(* Let $p\in(0,1)$, $\gamma>0$, $B>0$, $w,N\in\mathbb{N}$, and let $(\xi_j^{(N)*})_{j=1}^N$ be the unique maximizer of $\mathcal{T}_N$. Then for every $j\in\{1,\dots,N-1\}$, $$\xi_j^{(N)*}<\frac{B-\sum_{i=1}^{j}\xi_i^{(N)*}}{w}.$$
   Context: Logarithms are base 2. For an admissible (nonnegative, with sum at most $B$) sequence $(x_j)_{j\ge1}$, $$\mathcal{T}_\infty(x_1,x_2,\dots)=\sum_{k=1}^{w}p^2(1-p)^{k-1}\frac{k}{2}\log_2\!\Big(1+\gamma\frac{B}{k}\Big)+\sum_{j=1}^{\infty}p(1-p)^{j+w-1}\frac12\log_2(1+\gamma x_j)+\sum_{k=1}^{\infty}p^2(1-p)^{k+w-1}\frac{w}{2}\log_2\!\Big(1+\gamma\frac{B-\sum_{j=1}^{k}x_j}{w}\Big).$$ For $N\in\mathbb{N}$ and $\xi_1,\dots,\xi_N\ge0$ with $\sum_{j=1}^N\xi_j\le B$, define $\mathcal{T}_N(\xi_1,\dots,\xi_N)=\mathcal{T}_\infty(\xi_1,\dots,\xi_N,0,0,\dots)$. $\mathcal{T}_N$ has a unique maximizer over this compact set, denoted $(\xi_j^{(N)*})_{j=1}^N$. *)

theory Defs
  imports "HOL-Analysis.Analysis"
begin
───
## Task prompt:
Return one number, the count of lines in the records holding the word "frac".

## Reply to the task:
2